Мария Алексеевна молча приняла деньги, отсчитала несколько копеек сдачи, дала мне расписаться, заперла ведомости в стол, потом открыла сейф, достала железную шкатулочку, где хранила и «черную кассу» и взносы, и бережно приложила мою пятерку к другим бумажкам. Все это проделала с отсутствующим, но серьезным видом.
Больше я не знал, что сказать и что сделать и чем ей помочь, да и не испытывал желания ей помогать.
Все пройдет само собой. Печаль и слезы — все развеется. До следующих слез.

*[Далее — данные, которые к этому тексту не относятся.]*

lemma weight_bound_nest_light:
  assumes "shifted n c" "no_light_matching {..<n} r c" "2 \<le> r" "2 * r < n"
    and "sum c (nest r) = 0" "1 \<le> c {0, 2 * r - 1}"
  shows "(int n - 2 * int r + 2) * (int n - 1) \<le> int (sum c (complete_edges {..<n}))"
proof -
  have "4 * r - 2 \<le> (\<Sum>b\<in>{2 * r - 2, 2 * r - 1}. lower_degree c b)"
    using nest_light_lower_degrees[OF assms(2-5)] assms(3) by simp
  moreover have "(\<Sum>b\<in>{2 * r..<n}. 2 * b - (2 * r - 2)) \<le> (\<Sum>b\<in>{2 * r..<n}. lower_degree c b)"
    using shifted_lower_degree_ge[OF assms(1,3) _ _ assms(6) nest_light_top_edge[OF assms(2-5)]]
    by (intro sum_mono) auto
  moreover have "(\<Sum>b\<in>{2 * r - 2, 2 * r - 1} \<union> {2 * r..<n}. lower_degree c b)
      \<le> sum c (complete_edges {..<n})"
    using assms(4) by (intro sum_lower_degree_le_weight) auto
  moreover have "(\<Sum>b\<in>{2 * r - 2, 2 * r - 1} \<union> {2 * r..<n}. lower_degree c b)
      = (\<Sum>b\<in>{2 * r - 2, 2 * r - 1}. lower_degree c b) + (\<Sum>b\<in>{2 * r..<n}. lower_degree c b)"
    using assms(3) by (intro sum.union_disjoint) auto
  ultimately have "4 * r - 2 + (\<Sum>b\<in>{2 * r..<n}. 2 * b - (2 * r - 2)) \<le> sum c (complete_edges {..<n})"
    by linarith
  then have "int (4 * r - 2) + int (\<Sum>b\<in>{2 * r..<n}. 2 * b - (2 * r - 2)) \<le> int (sum c (complete_edges {..<n}))"
    by (metis of_nat_add of_nat_mono)
  moreover have "int (\<Sum>b\<in>{2 * r..<n}. 2 * b - (2 * r - 2)) = 2 * (\<Sum>b\<in>{2 * r..<n}. int b - (int r - 1))"
    unfolding of_nat_sum sum_distrib_left using assms(3) by (intro sum.cong) auto
  moreover have "2 * (\<Sum>b\<in>{2 * r..<n}. int b - (int r - 1)) = (int n - 2 * int r) * (int n + 1)"
    using sum_atLeastLessThan_affine[of "2 * r" n "int r - 1"] assms(4) by (simp add: algebra_simps)
  moreover have "(int n - 2 * int r + 2) * (int n - 1) = 4 * int r - 2 + (int n - 2 * int r) * (int n + 1)"
    by (simp add: algebra_simps)
  ultimately show ?thesis
    using assms(3) by linarith
qed

lemma min_le_concave_quadratic:
  fixes n r s :: int
  assumes "0 \<le> s" "s \<le> r - 2"
  shows "min ((n - 2 * r + 3) * (n + 2 * r - 4)) ((n - r + 1) * (n - r + 2))
           \<le> (n - 2 * r + 3 + s) * (n + 2 * r - 4 - 3 * s)"
proof -
  define g where "g t = (n - 2 * r + 3 + t) * (n + 2 * r - 4 - 3 * t)" for t
  define m where "m = min (g 0) (g (r - 2))"
  have "(r - 2) * g s = (r - 2 - s) * g 0 + s * g (r - 2) + 3 * s * (r - 2 - s) * (r - 2)"
    unfolding g_def by (simp add: algebra_simps)
  moreover have "(r - 2 - s) * m \<le> (r - 2 - s) * g 0" "s * m \<le> s * g (r - 2)"
    using assms unfolding m_def by (auto intro: mult_left_mono)
  moreover have "0 \<le> 3 * s * (r - 2 - s) * (r - 2)"
    using assms by simp
  ultimately have "(r - 2) * m \<le> (r - 2) * g s"
    by (simp add: algebra_simps)
  then have "m \<le> g s"
    using assms unfolding m_def by (cases "r - 2 = 0") (auto simp: mult_le_cancel_left)
  moreover have "g (r - 2) = (n - r + 1) * (n - r + 2)"
    unfolding g_def by (simp add: algebra_simps)
  ultimately show ?thesis
    unfolding m_def g_def by simp
qed
lemma shannon_H_emp_dist_nonneg: "0 \<le> shannon_H (emp_dist T xs)"
proof -
  have "emp_dist T xs y * ln (emp_dist T xs y) \<le> 0" for y
  proof -
    have "card {t. t < T \<and> xs ! t = y} \<le> T"
      using card_mono[of "{..<T}" "{t. t < T \<and> xs ! t = y}"] by auto
    then have "emp_dist T xs y \<le> 1"
      unfolding emp_dist_def by (cases "T = 0") (auto simp: divide_le_eq_1)
    moreover have "0 \<le> emp_dist T xs y" unfolding emp_dist_def by simp
    ultimately show ?thesis by (cases "emp_dist T xs y = 0") (auto intro: mult_nonneg_nonpos)
  qed
  then show ?thesis unfolding shannon_H_def by (simp add: sum_nonpos)
qed

lemma traj_law_le_state_traj_prob:
  fixes mu :: "'s::finite pmf" and P :: "'s \<Rightarrow> 'a::finite \<Rightarrow> 's pmf" and Obs :: "'s \<Rightarrow> 'o::finite pmf"
  assumes "x \<in> trajs T"
  shows "traj_law mu P Obs info pol T x \<le> state_traj_prob mu P Obs info pol T (fst x)"
  unfolding state_traj_prob_def
  using member_le_sum[OF assms, of "\<lambda>(ss', os, as). if ss' = fst x then traj_prob mu P Obs info pol T ss' os as else 0"]
  by (auto simp: traj_law_def traj_prob_nonneg trajs_finite split: prod.splits)

lemma traj_law_le_obs_traj_prob:
  fixes mu :: "'s::finite pmf" and P :: "'s \<Rightarrow> 'a::finite \<Rightarrow> 's pmf" and Obs :: "'s \<Rightarrow> 'o::finite pmf"
  assumes "x \<in> trajs T"
  shows "traj_law mu P Obs info pol T x \<le> obs_traj_prob mu P Obs info pol T (fst (snd x))"
  unfolding obs_traj_prob_def
  using member_le_sum[OF assms, of "\<lambda>(ss, os', as). if os' = fst (snd x) then traj_prob mu P Obs info pol T ss os' as else 0"]
  by (auto simp: traj_law_def traj_prob_nonneg trajs_finite split: prod.splits)

lemma abs_diff_expectation_traj_law_le:
  fixes mu :: "'s::finite pmf" and P :: "'s \<Rightarrow> 'a::finite \<Rightarrow> 's pmf" and Obs :: "'s \<Rightarrow> 'o::finite pmf"
    and pol1 pol2 :: "'i \<Rightarrow> 'a pmf" and f :: "'s list \<times> 'o list \<times> 'a list \<Rightarrow> real"
  assumes "1 \<le> T" "0 \<le> M"
    and bounded: "\<And>x. x \<in> trajs T \<Longrightarrow>
      0 < traj_law mu P Obs info pol1 T x \<or> 0 < traj_law mu P Obs info pol2 T x \<Longrightarrow> 0 \<le> f x \<and> f x \<le> M"
  shows "\<bar>(\<Sum>x\<in>trajs T. traj_law mu P Obs info pol1 T x * f x)
          - (\<Sum>x\<in>trajs T. traj_law mu P Obs info pol2 T x * f x)\<bar>
    \<le> real (T - 1) * M * tv_policy pol1 pol2"
proof -
  let ?p1 = "traj_law mu P Obs info pol1 T" and ?p2 = "traj_law mu P Obs info pol2 T"
  have "\<bar>(\<Sum>x\<in>trajs T. ?p1 x * f x) - (\<Sum>x\<in>trajs T. ?p2 x * f x)\<bar>
      \<le> M / 2 * (\<Sum>x\<in>trajs T. \<bar>?p1 x - ?p2 x\<bar>)"
  proof (rule abs_sum_mult_diff_le[OF trajs_finite sum_traj_law[OF assms(1)] sum_traj_law[OF assms(1)]])
    fix x assume x: "x \<in> trajs T" and "?p1 x \<noteq> ?p2 x"
    then have "0 < ?p1 x \<or> 0 < ?p2 x"
      using traj_law_nonneg[of mu P Obs info pol1 T x] traj_law_nonneg[of mu P Obs info pol2 T x]
      by linarith
    with x show "0 \<le> f x \<and> f x \<le> M" by (rule bounded)
  qed
  also have "\<dots> \<le> M / 2 * (2 * real (T - 1) * tv_policy pol1 pol2)"
    using assms(2) by (intro mult_left_mono sum_abs_traj_law_diff_le assms(1)) simp
  finally show ?thesis by (simp add: mult_ac)
qed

— Как все-таки бывает, — сказал я. — Уезжаешь — жив человек, возвращаешься — нет его. Грустная штука…
Мария Алексеевна подняла на меня внимательный взгляд.
— Ему теперь хорошо, — сообщила она негромко и с горькой убежденностью. — Ему теперь лучше, чем было.
— Разве ему было плохо?
На ее лице отразилось недоумение.
— Да ты что, Витя? Ты же сам все видел. Кто его понимал? Кто ценил? От него требовали, с него брали. А что дали взамен? От кого он услышал хоть одно доброе слово? У Валерия Захаровича сердце отзывчивое, как у ребенка. И этим все пользовались. Его убили, Витя! Его здесь убили, в нашем институте. На него нагрузили столько камней, что он не выдержал и надорвался.
Она рассуждала так, точно повторяла общеизвестное. В застывших зрачках — отблеск безумия. Я понял, какие бы слова я ни сказал сейчас — все будет некстати. Но она ждала какого-нибудь ответа.
— Его все любили, — возразил я. — У него не было врагов.
И тут она высказала мысль, которую до нее много раз высказывали, но которую меньше всего ожидал я услышать от Кондаковой.
— Друзья и доброжелатели убивают вернее врагов, — сказала она все с той же непоколебимой убежденностью. — Потому что враги ничего от вас не требуют, а только стараются навредить, а друзья требуют, всегда чего-то требуют — это невыносимо.
Ее, за секунду до этого как бы гипсовое, лицо вдруг заволокло тенью, она не шевельнулась, не сморгнула, а из глаз, словно выдавленные мгновенным напором, протекли на щеки к подбородку два мутноватых потока. При этом она издала горлом какой-то птичий стон. Я вскочил, плеснул из графина воды в стакан, поставил перед ней и вышел из закутка.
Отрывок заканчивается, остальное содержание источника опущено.